(* Let $P$ be a set of $n$ points chosen independently and uniformly at random from the unit cube $[0,1]^d$, and let $C$ be a convex body in $\mathbb{R}^d$ with $\mathrm{Vol}(C)\geq c$ for some constant $c\leq 1$. Then $\mathbb{E}[\operatorname{price}(P,C)]=O(n^{1-2/(d+1)})$, where the $O$ hides constants depending on $d$ and $C$.
   Context: For a closed convex $d$-dimensional polytope $F$, $f_k(F)$ denotes its number of $k$-dimensional faces. The inner fence $F_{\mathrm{in}}$ is a closed convex $d$-dimensional polytope with the minimum number of vertices such that $F_{\mathrm{in}}\subseteq C$ and $C\cap P=F_{\mathrm{in}}\cap P$. The outer fence $F_{\mathrm{out}}$ is a closed convex $d$-dimensional polytope with the minimum number of facets such that $C\subseteq F_{\mathrm{out}}$ and $C\cap P=F_{\mathrm{out}}\cap P$. The separation price is $\operatorname{price}(P,C)=f_0(F_{\mathrm{in}})+f_{d-1}(F_{\mathrm{out}})$. *)

theory Defs
  imports "HOL-Analysis.Analysis" "HOL-Probability.Probability"
begin

definition num_vertices :: "'a::euclidean_space set \<Rightarrow> nat" where
  "num_vertices F = card {v. v extreme_point_of F}"

definition num_facets :: "'a::euclidean_space set \<Rightarrow> nat" where
  "num_facets F = card {G. G facet_of F}"

text \<open>Closed convex full-dimensional polytope (polytope already implies closed and convex).\<close>
definition full_polytope :: "'a::euclidean_space set \<Rightarrow> bool" where
  "full_polytope F \<longleftrightarrow> polytope F \<and> closed F \<and> convex F \<and> aff_dim F = int DIM('a)"

definition is_inner_candidate :: "'a::euclidean_space set \<Rightarrow> 'a set \<Rightarrow> 'a set \<Rightarrow> bool" where
  "is_inner_candidate P C F \<longleftrightarrow> full_polytope F \<and> F \<subseteq> C \<and> C \<inter> P = F \<inter> P"

definition is_outer_candidate :: "'a::euclidean_space set \<Rightarrow> 'a set \<Rightarrow> 'a set \<Rightarrow> bool" where
  "is_outer_candidate P C F \<longleftrightarrow> full_polytope F \<and> C \<subseteq> F \<and> C \<inter> P = F \<inter> P"

definition inner_fence_vertices :: "'a::euclidean_space set \<Rightarrow> 'a set \<Rightarrow> nat" where
  "inner_fence_vertices P C = (LEAST k. \<exists>F. is_inner_candidate P C F \<and> num_vertices F = k)"

definition outer_fence_facets :: "'a::euclidean_space set \<Rightarrow> 'a set \<Rightarrow> nat" where
  "outer_fence_facets P C = (LEAST k. \<exists>F. is_outer_candidate P C F \<and> num_facets F = k)"

definition price :: "'a::euclidean_space set \<Rightarrow> 'a set \<Rightarrow> nat" where
  "price P C = inner_fence_vertices P C + outer_fence_facets P C"

definition convex_body :: "'a::euclidean_space set \<Rightarrow> bool" where
  "convex_body C \<longleftrightarrow> compact C \<and> convex C \<and> interior C \<noteq> {}"

definition unit_cube_sample :: "nat \<Rightarrow> (nat \<Rightarrow> 'a::euclidean_space) measure" where
  "unit_cube_sample n = PiM {..<n} (\<lambda>_. uniform_measure lborel (cbox 0 One))"

end

theory Submission
  imports Defs
begin

(* Following Bronshteyn and Ivanov, project a delta-net N of the boundary of a large cube
   onto C. The convex hull of the projections is an inner polytope, the intersection of the
   supporting halfspaces at the projections is an outer polytope; both are determined by
   |N| = O(delta^(1-d)) points resp. halfspaces, and they are O(delta^2)-close to C in the
   Hausdorff sense, so the shell between them has volume O(delta^2). A sample point of the
   shell is either added as an extra vertex (if it lies in C) or cut off by an extra
   halfspace (if not), hence E price <= O(delta^(1-d)) + n O(delta^2), and
   delta = n^(-1/(d+1)) balances the two terms. *)

section \<open>Fences from a polytope sandwich\<close>

definition is_halfspace :: "'a::real_inner set \<Rightarrow> bool" where
  "is_halfspace h \<longleftrightarrow> (\<exists>a b. a \<noteq> 0 \<and> h = {x. a \<bullet> x \<le> b})"

lemma num_facets_Inter_halfspaces_le:
  fixes H :: "'a::euclidean_space set set"
  assumes "finite H" and "\<forall>h\<in>H. is_halfspace h" and "interior (\<Inter>H) \<noteq> {}"
  shows "num_facets (\<Inter>H) \<le> card H"
proof -
  let ?S = "\<Inter>H"
  \<comment> \<open>A subfamily of least cardinality with the same intersection is irredundant, so each
      facet lies on the boundary hyperplane of one of its members.\<close>
  obtain F where "F \<subseteq> H" and FS: "\<Inter>F = ?S"
    and Fmin: "\<And>F'. F' \<subseteq> H \<and> \<Inter>F' = ?S \<Longrightarrow> card F \<le> card F'"
    using ex_has_least_nat[of "\<lambda>F. F \<subseteq> H \<and> \<Inter>F = ?S" H card] by blast
  have "finite F" using \<open>F \<subseteq> H\<close> \<open>finite H\<close> finite_subset by blast
  have "\<forall>h\<in>F. \<exists>p. fst p \<noteq> 0 \<and> h = {x. fst p \<bullet> x \<le> snd p}"
    using assms(2) \<open>F \<subseteq> H\<close> unfolding is_halfspace_def by force
  then obtain p where p: "\<forall>h\<in>F. fst (p h) \<noteq> 0 \<and> h = {x. fst (p h) \<bullet> x \<le> snd (p h)}"
    by (metis bchoice)
  define a where "a h = fst (p h)" for h
  define b where "b h = snd (p h)" for h
  have ab: "a h \<noteq> 0 \<and> h = {x. a h \<bullet> x \<le> b h}" if "h \<in> F" for h
    using p that by (simp add: a_def b_def)
  have aff: "affine hull ?S = UNIV"
    using assms(3) affine_hull_nonempty_interior by blast
  have seq: "?S = affine hull ?S \<inter> \<Inter>F" using aff FS by simp
  have irredundant: "?S \<subset> affine hull ?S \<inter> \<Inter>F'" if "F' \<subset> F" for F'
  proof -
    have "card F' < card F" using psubset_card_mono[OF \<open>finite F\<close> that] .
    then have "\<Inter>F' \<noteq> ?S" using Fmin[of F'] that \<open>F \<subseteq> H\<close> by auto
    moreover have "?S \<subseteq> \<Inter>F'" using that FS by blast
    ultimately show ?thesis using aff by auto
  qed
  have "{G. G facet_of ?S} \<subseteq> (\<lambda>h. ?S \<inter> {x. a h \<bullet> x = b h}) ` F"
    using facet_of_polyhedron_explicit[OF \<open>finite F\<close> seq ab irredundant] by blast
  then have "num_facets ?S \<le> card ((\<lambda>h. ?S \<inter> {x. a h \<bullet> x = b h}) ` F)"
    unfolding num_facets_def using \<open>finite F\<close> by (intro card_mono) auto
  also have "\<dots> \<le> card F" by (rule card_image_le[OF \<open>finite F\<close>])
  also have "\<dots> \<le> card H" using \<open>F \<subseteq> H\<close> \<open>finite H\<close> by (rule card_mono[rotated])
  finally show ?thesis .
qed

lemma num_vertices_convex_hull_le:
  fixes V :: "'a::euclidean_space set"
  assumes "finite V"
  shows "num_vertices (convex hull V) \<le> card V"
  unfolding num_vertices_def
  using assms extreme_point_of_convex_hull by (intro card_mono) auto

lemma full_polytopeI:
  fixes F :: "'a::euclidean_space set"
  assumes "polytope F" and "interior F \<noteq> {}"
  shows "full_polytope F"
  unfolding full_polytope_def
  using assms polytope_imp_closed polytope_imp_convex aff_dim_nonempty_interior by blast

lemma separating_halfspace:
  fixes C :: "'a::euclidean_space set"
  assumes "closed C" and "convex C" and "y \<notin> C"
  obtains h where "is_halfspace h" and "C \<subseteq> h" and "y \<notin> h"
proof (cases "C = {}")
  case True
  obtain e :: 'a where "e \<in> Basis" using nonempty_Basis by blast
  then show ?thesis
    using that[of "{x. e \<bullet> x \<le> e \<bullet> y - 1}"] True nonzero_Basis
    unfolding is_halfspace_def by fastforce
next
  case False
  obtain a b where "a \<bullet> y < b" and "\<forall>x\<in>C. b < a \<bullet> x"
    using separating_hyperplane_closed_point[OF assms(2,1,3)] by blast
  moreover have "a \<noteq> 0" using calculation False by force
  ultimately show ?thesis
    by (intro that[of "{x. (- a) \<bullet> x \<le> - b}"])
      (auto simp: is_halfspace_def intro!: exI[of _ "- a"] exI[of _ "- b"])
qed

lemma closed_Inter_halfspaces:
  assumes "\<forall>h\<in>H. is_halfspace h"
  shows "closed (\<Inter>H)"
proof (intro closed_Inter ballI)
  fix h assume "h \<in> H"
  then obtain a b where "h = {x. a \<bullet> x \<le> b}" using assms by (auto simp: is_halfspace_def)
  then show "closed h" by (simp add: closed_halfspace_le)
qed

lemma polytope_Inter_halfspaces:
  fixes H :: "'a::euclidean_space set set"
  assumes "finite H" and "\<forall>h\<in>H. is_halfspace h" and "bounded (\<Inter>H)"
  shows "polytope (\<Inter>H)"
proof -
  have "polyhedron (\<Inter>H)" using assms(1,2) unfolding polyhedron_def is_halfspace_def by blast
  then show ?thesis using assms(3) by (simp add: polytope_eq_bounded_polyhedron)
qed

lemma inner_fence_vertices_le:
  fixes C :: "'a::euclidean_space set"
  assumes "convex C" and "finite V" and "convex hull V \<subseteq> C"
    and "interior (convex hull V) \<noteq> {}" and "finite P"
  shows "inner_fence_vertices P C \<le> card V + card (P \<inter> (C - convex hull V))"
proof -
  define X where "X = P \<inter> (C - convex hull V)"
  define F where "F = convex hull (V \<union> X)"
  have "finite (V \<union> X)" using assms(2,5) by (simp add: X_def)
  have hull_sub: "convex hull V \<subseteq> F" unfolding F_def by (intro hull_mono) blast
  have "F \<subseteq> C"
    unfolding F_def X_def using assms(1,3) hull_subset[of V convex] by (intro hull_minimal) auto
  moreover have "C \<inter> P \<subseteq> F"
    using hull_sub hull_subset[of "V \<union> X" convex] by (auto simp: F_def X_def)
  moreover have "full_polytope F"
    using \<open>finite (V \<union> X)\<close> assms(4) interior_mono[OF hull_sub]
    by (intro full_polytopeI) (auto simp: F_def polytope_def)
  ultimately have "is_inner_candidate P C F"
    unfolding is_inner_candidate_def by blast
  then have "inner_fence_vertices P C \<le> num_vertices F"
    unfolding inner_fence_vertices_def by (intro Least_le) blast
  also have "\<dots> \<le> card (V \<union> X)"
    unfolding F_def by (rule num_vertices_convex_hull_le[OF \<open>finite (V \<union> X)\<close>])
  also have "\<dots> \<le> card V + card X" by (rule card_Un_le)
  finally show ?thesis by (simp add: X_def)
qed

lemma outer_fence_facets_le:
  fixes C :: "'a::euclidean_space set"
  assumes "closed C" and "convex C" and "interior C \<noteq> {}"
    and "finite H" and "\<forall>h\<in>H. is_halfspace h" and "C \<subseteq> \<Inter>H" and "bounded (\<Inter>H)"
    and "finite P"
  shows "outer_fence_facets P C \<le> card H + card (P \<inter> (\<Inter>H - C))"
proof -
  define X where "X = P \<inter> (\<Inter>H - C)"
  have "\<forall>y\<in>X. \<exists>h. is_halfspace h \<and> C \<subseteq> h \<and> y \<notin> h"
  proof
    fix y assume "y \<in> X"
    then have "y \<notin> C" by (simp add: X_def)
    then obtain h where "is_halfspace h" "C \<subseteq> h" "y \<notin> h"
      by (rule separating_halfspace[OF assms(1,2)])
    then show "\<exists>h. is_halfspace h \<and> C \<subseteq> h \<and> y \<notin> h" by blast
  qed
  then obtain sep where sep: "\<And>y. y \<in> X \<Longrightarrow> is_halfspace (sep y) \<and> C \<subseteq> sep y \<and> y \<notin> sep y"
    by metis
  define G where "G = H \<union> sep ` X"
  have "finite G" using assms(4,8) by (simp add: G_def X_def)
  have halfspaces: "\<forall>g\<in>G. is_halfspace g" using assms(5) sep by (auto simp: G_def)
  have "C \<subseteq> \<Inter>G" using assms(6) sep by (auto simp: G_def)
  then have "interior (\<Inter>G) \<noteq> {}" using assms(3) interior_mono by blast
  have "bounded (\<Inter>G)" using assms(7) by (rule bounded_subset) (auto simp: G_def)
  have "\<Inter>G \<inter> P \<subseteq> C"
  proof
    fix y assume y: "y \<in> \<Inter>G \<inter> P"
    show "y \<in> C"
    proof (rule ccontr)
      assume "y \<notin> C"
      with y have "y \<in> X" by (auto simp: G_def X_def)
      with y sep show False by (auto simp: G_def)
    qed
  qed
  then have "is_outer_candidate P C (\<Inter>G)"
    using \<open>C \<subseteq> \<Inter>G\<close> \<open>interior (\<Inter>G) \<noteq> {}\<close>
      polytope_Inter_halfspaces[OF \<open>finite G\<close> halfspaces \<open>bounded (\<Inter>G)\<close>]
    unfolding is_outer_candidate_def by (auto intro: full_polytopeI)
  then have "outer_fence_facets P C \<le> num_facets (\<Inter>G)"
    unfolding outer_fence_facets_def by (intro Least_le) blast
  also have "\<dots> \<le> card G"
    by (rule num_facets_Inter_halfspaces_le[OF \<open>finite G\<close> halfspaces \<open>interior (\<Inter>G) \<noteq> {}\<close>])
  also have "\<dots> \<le> card H + card (sep ` X)" unfolding G_def by (rule card_Un_le)
  also have "\<dots> \<le> card H + card X"
    using card_image_le[of X sep] assms(8) by (simp add: X_def)
  finally show ?thesis by (simp add: X_def)
qed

================

What needs to be done:
Go through the material above, find each line with the string "Fmin", and copy it.

Exercise output:
    and Fmin: "\<And>F'. F' \<subseteq> H \<and> \<Inter>F' = ?S \<Longrightarrow> card F \<le> card F'"
    then have "\<Inter>F' \<noteq> ?S" using Fmin[of F'] that \<open>F \<subseteq> H\<close> by auto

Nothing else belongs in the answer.